Помощники и ребята из охраны пытались успокоить разбушевавшегося наркома. Кто-то его увещевал:
— Вячеслав Михайлович, уже поздно, вам надо возвращаться в Кремль...
Охранники осторожно взяли его под руки, подталкивая к выходу. Но он всякий раз вырывался:
— Оставьте м-м-меня, я сам знаю, что делать! Эти упрямые ослы еще пожалеют о своем глупом упорстве! Мы им п-п-покажем...
Гости, пожалуй, ни разу не присутствовавшие при такой сцене, с удивлением и опаской поглядывали на всегда казавшегося лишенным эмоций Молотова. Поначалу и мне подумалось, что он, быть может, выпил лишнего и потерял контроль над собой. Все это было так странно. Наконец нам удалось оттеснить его от публики, вывести в коридор и дальше к выходу. По пути [238] он продолжал выкрикивать ругательства в адрес финнов, а когда его усадили в машину, пытался выбраться из нее.
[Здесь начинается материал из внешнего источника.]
(* Let $(S,\|\cdot\|)$ be a complete $RN$ module over $K$ with base $(\Omega,\mathcal F,P)$, let $\{T(t):t\geq0\}$ be an a.s. bounded $C_{0}$--semigroup on $S$ and $(A,D(A))$ its infinitesimal generator. Then $A$ is a densely defined module homomorphism on $S$ and satisfies (a) $\frac{dT(t)x}{dt}=AT(t)x=T(t)Ax$ for any $x\in D(A)$ (and $t\ge 0$); (b) $T(r)x-x=\int_{0}^{r}T(s)Ax\,ds=\int_{0}^{r}AT(s)x\,ds$ for any $x\in D(A)$ and real $r>0$.
   Context: $(\Omega,\mathcal F,P)$ is a probability space; $L^{0}(\mathcal F,K)$ ($K=R$ or $C$) is the algebra of equivalence classes of $K$-valued $\mathcal F$-measurable random variables, ordered a.s.; $L^{0}_{+}(\mathcal F)=\{\xi\in L^0(\mathcal F,R):\xi\ge 0\}$. An $RN$ module over $K$ with base $(\Omega,\mathcal F,P)$ is a left $L^0(\mathcal F,K)$-module $S$ with a map $\|\cdot\|:S\to L^0_+(\mathcal F)$ such that $\|\xi x\|=|\xi|\|x\|$, $\|x+y\|\le\|x\|+\|y\|$, and $\|x\|=0$ implies $x=0$; it carries the $(\varepsilon,\lambda)$-topology, in which $x_n\to x$ iff $\|x_n-x\|\to0$ in probability; completeness, density, derivatives ($\frac{d}{dt}g(t)=\lim_{h\to0}\frac{g(t+h)-g(t)}{h}$) and Riemann integrals (limits of Riemann sums) of $S$-valued functions refer to this topology. $B(S)$ is the set of continuous module homomorphisms $S\to S$, with $\|T\|=\bigwedge\{\xi\in L^0_+(\mathcal F):\|Tx\|\le\xi\|x\|\ \forall x\}$. A $C_0$--semigroup is $\{T(t):t\ge0\}\subset B(S)$ with $T(0)=I$, $T(s)T(t)=T(s+t)$, $\lim_{t\downarrow0}T(t)x=x$ for all $x$. It is a.s. bounded if there is a real $L>0$ with $\bigvee_{t\in[0,L]}\|T(t)\|\in L^0_+(\mathcal F)$. Its infinitesimal generator is $Ax=\lim_{t\downarrow0}\frac{T(t)x-x}{t}$ on $D(A)=\{x:\text{the limit exists}\}$. *)

theory Defs
  imports "HOL-Probability.Probability"
begin

text \<open>
Elements of L0(F,K) are represented by
their M-measurable representatives ('w => 'k); equalities/inequalities between elements of
L0 are read almost everywhere.  The RN module S is the carrier type 'a (an abelian group),
with the L0-action sm and the L0-valued norm nr (nr x is a representative of ||x||).
The scalar field K is a type 'k of class real_normed_field (up to isomorphism exactly R or C).
\<close>

definition ae_eq :: "'w measure \<Rightarrow> ('w \<Rightarrow> 'b) \<Rightarrow> ('w \<Rightarrow> 'b) \<Rightarrow> bool" where
  "ae_eq M f g \<longleftrightarrow> (AE w in M. f w = g w)"

definition L0 :: "'w measure \<Rightarrow> ('w \<Rightarrow> 'k::real_normed_field) set" where
  "L0 M = borel_measurable M"

definition rsc :: "real \<Rightarrow> 'w \<Rightarrow> 'k::real_normed_field" where
  "rsc c = (\<lambda>w. of_real c)"

definition rn_module ::
  "'w measure \<Rightarrow> (('w \<Rightarrow> 'k::real_normed_field) \<Rightarrow> 'a::ab_group_add \<Rightarrow> 'a) \<Rightarrow> ('a \<Rightarrow> 'w \<Rightarrow> real) \<Rightarrow> bool"
where
  "rn_module M sm nr \<longleftrightarrow> prob_space M \<and>
     (\<forall>\<xi>\<in>L0 M. \<forall>\<eta>\<in>L0 M. \<forall>x. ae_eq M \<xi> \<eta> \<longrightarrow> sm \<xi> x = sm \<eta> x) \<and>
     (\<forall>\<xi>\<in>L0 M. \<forall>\<eta>\<in>L0 M. \<forall>x. sm (\<lambda>w. \<xi> w + \<eta> w) x = sm \<xi> x + sm \<eta> x) \<and>
     (\<forall>\<xi>\<in>L0 M. \<forall>x y. sm \<xi> (x + y) = sm \<xi> x + sm \<xi> y) \<and>
     (\<forall>\<xi>\<in>L0 M. \<forall>\<eta>\<in>L0 M. \<forall>x. sm (\<lambda>w. \<xi> w * \<eta> w) x = sm \<xi> (sm \<eta> x)) \<and>
     (\<forall>x. sm (\<lambda>w. 1) x = x) \<and>
     (\<forall>x. nr x \<in> borel_measurable M \<and> (AE w in M. 0 \<le> nr x w)) \<and>
     (\<forall>\<xi>\<in>L0 M. \<forall>x. AE w in M. nr (sm \<xi> x) w = norm (\<xi> w) * nr x w) \<and>
     (\<forall>x y. AE w in M. nr (x + y) w \<le> nr x w + nr y w) \<and>
     (\<forall>x. (AE w in M. nr x w = 0) \<longrightarrow> x = 0)"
В конце концов он уехал, сопровождаемый двумя лимузинами с охраной. И сразу же особняк покинули все послы. Они явно спешили отправить своим правительствам депеши о столь сенсационном инциденте и об угрозах Молотова уничтожить Финляндию.
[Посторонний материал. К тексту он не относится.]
lemma survival_le_trunc_exp_pmf_norm:
  fixes N :: nat
  assumes "finite (set_pmf p)" "1 \<le> k"
  defines "U \<equiv> 3 * (real N + 1) / 4 * pmf_norm p k"
  shows "survival p (set_pmf p) k N (\<lambda>_. 0) \<le> 4 * exp (- U) * trunc_exp k U"
proof -
  define x where "x = 3 * (real N + 1) / 4"
  have "0 \<le> x"
    by (simp add: x_def)
  obtain r where k: "k = Suc r"
    using assms(2) by (cases k) auto
  have quarter: "exp x * (1 - x / (real N + 1)) = exp x / 4"
    by (simp add: x_def field_simps)
  have "exp x / 4 * survival p (set_pmf p) k N (\<lambda>_. 0) \<le> (\<Prod>i\<in>set_pmf p. trunc_exp k (pmf p i * x))"
    using survival_le_prod_trunc_exp[OF assms(1) order_refl \<open>0 \<le> x\<close>, of N k] by (simp only: quarter)
  also have "\<dots> = exp x * (\<Prod>i\<in>set_pmf p. exp (- (pmf p i * x)) * trunc_exp k (pmf p i * x))"
    using assms(1) sum_pmf_eq_1[OF assms(1) order_refl]
    by (simp add: prod.distrib exp_sum[symmetric] sum_distrib_right[symmetric]
        sum_negf exp_minus_inverse mult.assoc[symmetric])
  also have "\<dots> \<le> exp x * (exp (- U) * trunc_exp k U)"
  proof (intro mult_left_mono)
    have U: "U = x * pmf_norm p k"
      by (simp add: U_def x_def)
    then have "U ^ k = x ^ k * pmf_norm p k ^ k"
      by (simp add: power_mult_distrib)
    also have "\<dots> = (\<Sum>i\<in>set_pmf p. (pmf p i * x) ^ k)"
      unfolding pmf_norm_power[OF assms(1,2)] by (simp add: sum_distrib_left power_mult_distrib mult.commute)
    finally have norm: "U ^ Suc r = (\<Sum>i\<in>set_pmf p. (pmf p i * x) ^ Suc r)"
      by (simp only: k)
    have "0 \<le> U"
      unfolding U using \<open>0 \<le> x\<close> pmf_norm_pos[OF assms(1), of k] by simp
    then show "(\<Prod>i\<in>set_pmf p. exp (- (pmf p i * x)) * trunc_exp k (pmf p i * x)) \<le> exp (- U) * trunc_exp k U"
      unfolding k using assms(1) \<open>0 \<le> x\<close> norm by (intro prod_exp_trunc_exp_le) auto
  qed simp
  finally show ?thesis
    by (simp add: field_simps)
qed

lemma hit_time_upper_tail:
  assumes "finite (set_pmf p)" "1 \<le> k" "7 \<le> c"
  shows "1 - exp (- c / 2) \<le> measure (throws p) {\<omega> \<in> space (throws p).
           \<exists>n. hit_time k \<omega> = enat n \<and> real n \<le> c * (real k / pmf_norm p k)}"
proof -
  interpret prob_space "throws p"
    by (rule prob_space_throws)
  define \<sigma> where "\<sigma> = pmf_norm p k"
  have "0 < \<sigma>"
    using pmf_norm_pos[OF assms(1)] by (simp add: \<sigma>_def)
  define N where "N = nat \<lfloor>c * (real k / \<sigma>)\<rfloor>"
  define R where "R = 3 * (real N + 1) / 4 * \<sigma> / real k"
  have "c * (real k / \<sigma>) \<le> real N + 1"
    unfolding N_def by linarith
  then have R_ge: "3 * c / 4 \<le> R"
    using \<open>0 < \<sigma>\<close> assms(2) by (simp add: R_def field_simps)
  define F where "F = survival p (set_pmf p) k N (\<lambda>_. 0)"
  have "F \<le> 4 * exp (- (real k * R)) * trunc_exp k (real k * R)"
    using survival_le_trunc_exp_pmf_norm[OF assms(1,2), of N] assms(2)
    by (simp add: F_def R_def \<sigma>_def)
  also have "\<dots> \<le> exp (- (2 * R / 3))"
    using R_ge assms by (intro four_exp_mult_trunc_exp_le) auto
  also have "\<dots> \<le> exp (- c / 2)"
    using R_ge by simp
  finally have F_le: "F \<le> exp (- c / 2)" .
  have "1 - F = measure (throws p) (space (throws p) - {\<omega> \<in> space (throws p). \<forall>i\<in>set_pmf p. 0 + load \<omega> N i < k})"
    unfolding F_def survival_def by (rule prob_compl[symmetric]) (rule sets_throws_load)
  also have "\<dots> \<le> measure (throws p) {\<omega> \<in> space (throws p). \<exists>i. k \<le> load \<omega> N i}"
    by (intro finite_measure_mono sets_throws_load) (auto simp: not_less)
  also have "\<dots> = measure (throws p) {\<omega> \<in> space (throws p).
      \<exists>n. hit_time k \<omega> = enat n \<and> real n \<le> c * (real k / \<sigma>)}"
    using hit_time_le_iff[of "c * (real k / \<sigma>)" k] assms(3) \<open>0 < \<sigma>\<close>
    by (simp add: N_def)
  finally show ?thesis
    using F_le by (simp add: \<sigma>_def)
qed

theorem corollary5:
  fixes m k :: nat and p :: "nat pmf" and \<delta> :: real
  assumes "m \<ge> 2" and "set_pmf p \<subseteq> {1..m}" and "k \<ge> 1"
    and "0 < \<delta>" and "\<delta> < 1"
  defines "nstar \<equiv> real k / (\<Sum>i=1..m. pmf p i ^ k) powr (1 / real k)"
  shows "measure (throws p) {\<omega> \<in> space (throws p).
            \<exists>n. hit_time k \<omega> = enat n \<and> real n \<le> (\<delta> / exp 1) * nstar} \<le> \<delta> \<and>
         measure (throws p) {\<omega> \<in> space (throws p).
            \<exists>n. hit_time k \<omega> = enat n \<and> real n \<le> max (exp 2) (2 * ln (1 / \<delta>)) * nstar}
           \<ge> 1 - \<delta>"
proof
  have finite: "finite (set_pmf p)"
    using assms(2) finite_subset by blast
  have "(\<Sum>i=1..m. pmf p i ^ k) = (\<Sum>i\<in>set_pmf p. pmf p i ^ k)"
    using assms(2,3) by (intro sum.mono_neutral_right) (auto simp: set_pmf_iff)
  then have nstar: "nstar = real k / pmf_norm p k"
    by (simp add: nstar_def pmf_norm_def)
  have "\<delta> ^ k \<le> \<delta>"
    using power_decreasing[of 1 k \<delta>] assms(3-5) by simp
  then show "measure (throws p) {\<omega> \<in> space (throws p).
      \<exists>n. hit_time k \<omega> = enat n \<and> real n \<le> (\<delta> / exp 1) * nstar} \<le> \<delta>"
    using hit_time_lower_tail[OF finite assms(3), of \<delta>] assms(4) by (simp add: nstar)
  define c where "c = max (exp 2) (2 * ln (1 / \<delta>))"
  have "7 \<le> c"
    using seven_le_exp_2 by (simp add: c_def)
  have "exp (- c / 2) \<le> exp (- ln (1 / \<delta>))"
    by (simp add: c_def)
  also have "\<dots> = \<delta>"
    using assms(4) by (simp add: ln_div)
  finally show "1 - \<delta> \<le> measure (throws p) {\<omega> \<in> space (throws p).
      \<exists>n. hit_time k \<omega> = enat n \<and> real n \<le> max (exp 2) (2 * ln (1 / \<delta>)) * nstar}"
    using hit_time_upper_tail[OF finite assms(3) \<open>7 \<le> c\<close>] by (simp add: c_def nstar)
qed

end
На следующее утро Молотов вызвал меня в свой кабинет. Он был в хорошем расположении духа, лукаво усмехался.
— Вы ведь были вчера на приеме? — спросил он и, не дожидаясь моего ответа, продолжал: — Расскажите подробно, что там произошло.
Я стал воспроизводить в общих чертах то, чему был свидетелем.
— Нет, — перебил он. — Говорите все как было, без купюр. Что я сказал, как отнеслась публика?
Мне было неловко воспроизводить его ругательства, но пришлось все повторить, почти слово в слово.
— Мне кажется, что гости были очень шокированы, даже испуганы, — закончил я свой отчет.
Молотов остался явно доволен. Он отпустил меня со словами: «Очень хорошо, прекрасно». И я понял, что вчерашняя сцена была им специально разыграна, скорее всего даже согласована со Сталиным, а может быть, была и задумана самим «хозяином». И Молотов радовался тому, что хорошо выполнил задание вождя. Шведов, а через них и финнов он изрядно напугал. Всполошились также американцы и англичане. Теперь и они нажмут на Хельсинки. Ведь никто сейчас не может сомневаться в способности советских войск быстро разделаться с финнами и даже оккупировать всю страну. И если его вчерашний «взрыв» приняли за чистую монету, тем лучше. Теперь финны будут сговорчивее.
И действительно, вскоре шведы сообщили, что Хельсинки готов к серьезным переговорам, а спустя некоторое время в Москву прибыла и финская делегация. Было наконец заключено перемирие.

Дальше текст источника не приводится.